◆ **Task statement**: Please copy, with no word changed, only the run of lines that opens with the line containing "using dirichlet_char_cong[OF dc" and closes with the last line below.

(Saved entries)

lemma exists_coprime_mod_eq:
  fixes u M L :: nat
  assumes "M > 0" "L > 0" "coprime u M"
  shows "\<exists>t. t > 0 \<and> t mod M = u mod M \<and> coprime t L"
proof -
  define X where "X = \<Prod>{p \<in> prime_factors L. \<not> p dvd u}"
  define t where "t = u + M * X"
  have "X > 0" unfolding X_def by (intro prod_pos) (auto intro: prime_gt_0_nat)
  have no_common_prime: "\<not> p dvd t" if "prime p" "p dvd L" for p
  proof (cases "p dvd u")
    case True
    then have "\<not> p dvd M" using \<open>coprime u M\<close> \<open>prime p\<close> by (meson coprime_common_divisor not_prime_unit)
    moreover have "\<not> p dvd X"
    proof
      assume "p dvd X"
      then obtain r where "prime r" "\<not> r dvd u" "p dvd r"
        using \<open>prime p\<close> by (auto simp: X_def prime_dvd_prod_iff)
      then show False using True \<open>prime p\<close> by (metis primes_dvd_imp_eq)
    qed
    ultimately have "\<not> p dvd M * X" using \<open>prime p\<close> by (simp add: prime_dvd_mult_iff)
    then show ?thesis using True by (simp add: t_def dvd_add_right_iff)
  next
    case False
    then have "p dvd X" using that \<open>L > 0\<close> by (auto simp: X_def in_prime_factors_iff intro!: dvd_prodI)
    then show ?thesis using False by (simp add: t_def dvd_add_left_iff)
  qed
  have "coprime t L"
  proof (rule ccontr)
    assume "\<not> coprime t L"
    then obtain c where "c dvd t" "c dvd L" "c \<noteq> 1" by (elim not_coprimeE) auto
    then obtain p where "prime p" "p dvd c" using prime_factor_nat by blast
    then show False using no_common_prime \<open>c dvd t\<close> \<open>c dvd L\<close> by (meson dvd_trans)
  qed
  moreover have "t > 0" "t mod M = u mod M" using \<open>M > 0\<close> \<open>X > 0\<close> by (simp_all add: t_def)
  ultimately show ?thesis by blast
qed

lemma dirichlet_char_eq_if_mod_eq_divisor:
  assumes dc: "dirichlet_char q0 \<psi>" and "e dvd q0"
    and trivial: "\<And>w. coprime w q0 \<Longrightarrow> w mod e = 1 mod e \<Longrightarrow> \<psi> w = 1"
    and "coprime t1 q0" "coprime t2 q0" "t1 mod e = t2 mod e"
  shows "\<psi> t1 = \<psi> t2"
proof -
  have "q0 > 0" using dc by (rule dirichlet_charD)
  obtain x where x: "(t2 * x) mod q0 = 1 mod q0"
    using cong_solve_coprime_nat[OF \<open>coprime t2 q0\<close>] by (metis cong_def One_nat_def)
  then have "coprime (t2 * x) q0" using \<open>q0 > 0\<close> by (metis coprime_1_left coprime_mod_left_iff neq0_conv)
  then have "coprime x q0" by simp
  have "(t1 * x) mod e = (t2 * x) mod e" using \<open>t1 mod e = t2 mod e\<close> by (intro mod_mult_cong) auto
  also have "\<dots> = 1 mod e" using x \<open>e dvd q0\<close> by (metis mod_mod_cancel)
  finally have "\<psi> t1 * \<psi> x = 1"
    using trivial[of "t1 * x"] \<open>coprime t1 q0\<close> \<open>coprime x q0\<close> dirichlet_charD(2)[OF dc] by simp
  moreover have "\<psi> t2 * \<psi> x = 1"
    using dirichlet_char_cong[OF dc x] dirichlet_char_one[OF dc] dirichlet_charD(2)[OF dc] by simp
  moreover have "\<psi> x \<noteq> 0" using dirichlet_charD(3)[OF dc] \<open>coprime x q0\<close> by blast
  ultimately show ?thesis by (metis mult_cancel_right)
qed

◆ **Answer area**:
    using dirichlet_char_cong[OF dc x] dirichlet_char_one[OF dc] dirichlet_charD(2)[OF dc] by simp
  moreover have "\<psi> x \<noteq> 0" using dirichlet_charD(3)[OF dc] \<open>coprime x q0\<close> by blast
  ultimately show ?thesis by (metis mult_cancel_right)
qed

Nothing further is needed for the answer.